[Provided data — start]

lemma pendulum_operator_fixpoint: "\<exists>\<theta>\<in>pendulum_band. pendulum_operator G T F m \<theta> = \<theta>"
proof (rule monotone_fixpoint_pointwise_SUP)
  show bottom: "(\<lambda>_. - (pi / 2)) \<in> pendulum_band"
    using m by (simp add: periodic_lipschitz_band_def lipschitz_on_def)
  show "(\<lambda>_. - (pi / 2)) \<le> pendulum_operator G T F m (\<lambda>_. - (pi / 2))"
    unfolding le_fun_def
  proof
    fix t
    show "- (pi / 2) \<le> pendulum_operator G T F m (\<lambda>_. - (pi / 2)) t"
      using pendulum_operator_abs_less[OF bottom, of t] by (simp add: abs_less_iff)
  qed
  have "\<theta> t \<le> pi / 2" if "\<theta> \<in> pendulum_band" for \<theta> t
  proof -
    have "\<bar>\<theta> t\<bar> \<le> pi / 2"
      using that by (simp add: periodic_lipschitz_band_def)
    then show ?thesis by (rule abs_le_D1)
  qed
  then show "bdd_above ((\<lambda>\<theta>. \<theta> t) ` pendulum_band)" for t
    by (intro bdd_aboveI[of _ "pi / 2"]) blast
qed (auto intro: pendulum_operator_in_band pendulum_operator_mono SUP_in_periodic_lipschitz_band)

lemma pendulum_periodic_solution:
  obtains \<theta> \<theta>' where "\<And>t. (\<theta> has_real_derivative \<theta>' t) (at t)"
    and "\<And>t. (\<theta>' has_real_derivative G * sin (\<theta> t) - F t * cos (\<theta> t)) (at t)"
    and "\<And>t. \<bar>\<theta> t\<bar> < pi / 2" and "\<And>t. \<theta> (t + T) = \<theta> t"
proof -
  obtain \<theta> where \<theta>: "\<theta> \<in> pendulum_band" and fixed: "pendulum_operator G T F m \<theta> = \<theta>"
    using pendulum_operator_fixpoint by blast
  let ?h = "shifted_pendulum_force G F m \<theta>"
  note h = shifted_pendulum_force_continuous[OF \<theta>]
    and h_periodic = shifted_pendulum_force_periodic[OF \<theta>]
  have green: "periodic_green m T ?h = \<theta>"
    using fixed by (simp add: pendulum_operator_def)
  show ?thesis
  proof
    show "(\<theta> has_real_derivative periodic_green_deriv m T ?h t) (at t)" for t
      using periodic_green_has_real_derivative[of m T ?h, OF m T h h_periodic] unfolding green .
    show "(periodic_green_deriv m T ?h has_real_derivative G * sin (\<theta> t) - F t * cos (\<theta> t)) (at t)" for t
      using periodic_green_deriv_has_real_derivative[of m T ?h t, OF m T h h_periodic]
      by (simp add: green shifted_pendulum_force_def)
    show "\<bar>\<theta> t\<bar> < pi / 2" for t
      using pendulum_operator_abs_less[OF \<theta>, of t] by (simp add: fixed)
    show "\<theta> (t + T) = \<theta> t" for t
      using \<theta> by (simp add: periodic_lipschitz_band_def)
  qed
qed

[Provided data — finish]

Activity. Without skipping a line, print the listing once more exactly.

Your response.
lemma pendulum_operator_fixpoint: "\<exists>\<theta>\<in>pendulum_band. pendulum_operator G T F m \<theta> = \<theta>"
proof (rule monotone_fixpoint_pointwise_SUP)
  show bottom: "(\<lambda>_. - (pi / 2)) \<in> pendulum_band"
    using m by (simp add: periodic_lipschitz_band_def lipschitz_on_def)
  show "(\<lambda>_. - (pi / 2)) \<le> pendulum_operator G T F m (\<lambda>_. - (pi / 2))"
    unfolding le_fun_def
  proof
    fix t
    show "- (pi / 2) \<le> pendulum_operator G T F m (\<lambda>_. - (pi / 2)) t"
      using pendulum_operator_abs_less[OF bottom, of t] by (simp add: abs_less_iff)
  qed
  have "\<theta> t \<le> pi / 2" if "\<theta> \<in> pendulum_band" for \<theta> t
  proof -
    have "\<bar>\<theta> t\<bar> \<le> pi / 2"
      using that by (simp add: periodic_lipschitz_band_def)
    then show ?thesis by (rule abs_le_D1)
  qed
  then show "bdd_above ((\<lambda>\<theta>. \<theta> t) ` pendulum_band)" for t
    by (intro bdd_aboveI[of _ "pi / 2"]) blast
qed (auto intro: pendulum_operator_in_band pendulum_operator_mono SUP_in_periodic_lipschitz_band)

lemma pendulum_periodic_solution:
  obtains \<theta> \<theta>' where "\<And>t. (\<theta> has_real_derivative \<theta>' t) (at t)"
    and "\<And>t. (\<theta>' has_real_derivative G * sin (\<theta> t) - F t * cos (\<theta> t)) (at t)"
    and "\<And>t. \<bar>\<theta> t\<bar> < pi / 2" and "\<And>t. \<theta> (t + T) = \<theta> t"
proof -
  obtain \<theta> where \<theta>: "\<theta> \<in> pendulum_band" and fixed: "pendulum_operator G T F m \<theta> = \<theta>"
    using pendulum_operator_fixpoint by blast
  let ?h = "shifted_pendulum_force G F m \<theta>"
  note h = shifted_pendulum_force_continuous[OF \<theta>]
    and h_periodic = shifted_pendulum_force_periodic[OF \<theta>]
  have green: "periodic_green m T ?h = \<theta>"
    using fixed by (simp add: pendulum_operator_def)
  show ?thesis
  proof
    show "(\<theta> has_real_derivative periodic_green_deriv m T ?h t) (at t)" for t
      using periodic_green_has_real_derivative[of m T ?h, OF m T h h_periodic] unfolding green .
    show "(periodic_green_deriv m T ?h has_real_derivative G * sin (\<theta> t) - F t * cos (\<theta> t)) (at t)" for t
      using periodic_green_deriv_has_real_derivative[of m T ?h t, OF m T h h_periodic]
      by (simp add: green shifted_pendulum_force_def)
    show "\<bar>\<theta> t\<bar> < pi / 2" for t
      using pendulum_operator_abs_less[OF \<theta>, of t] by (simp add: fixed)
    show "\<theta> (t + T) = \<theta> t" for t
      using \<theta> by (simp add: periodic_lipschitz_band_def)
  qed
qed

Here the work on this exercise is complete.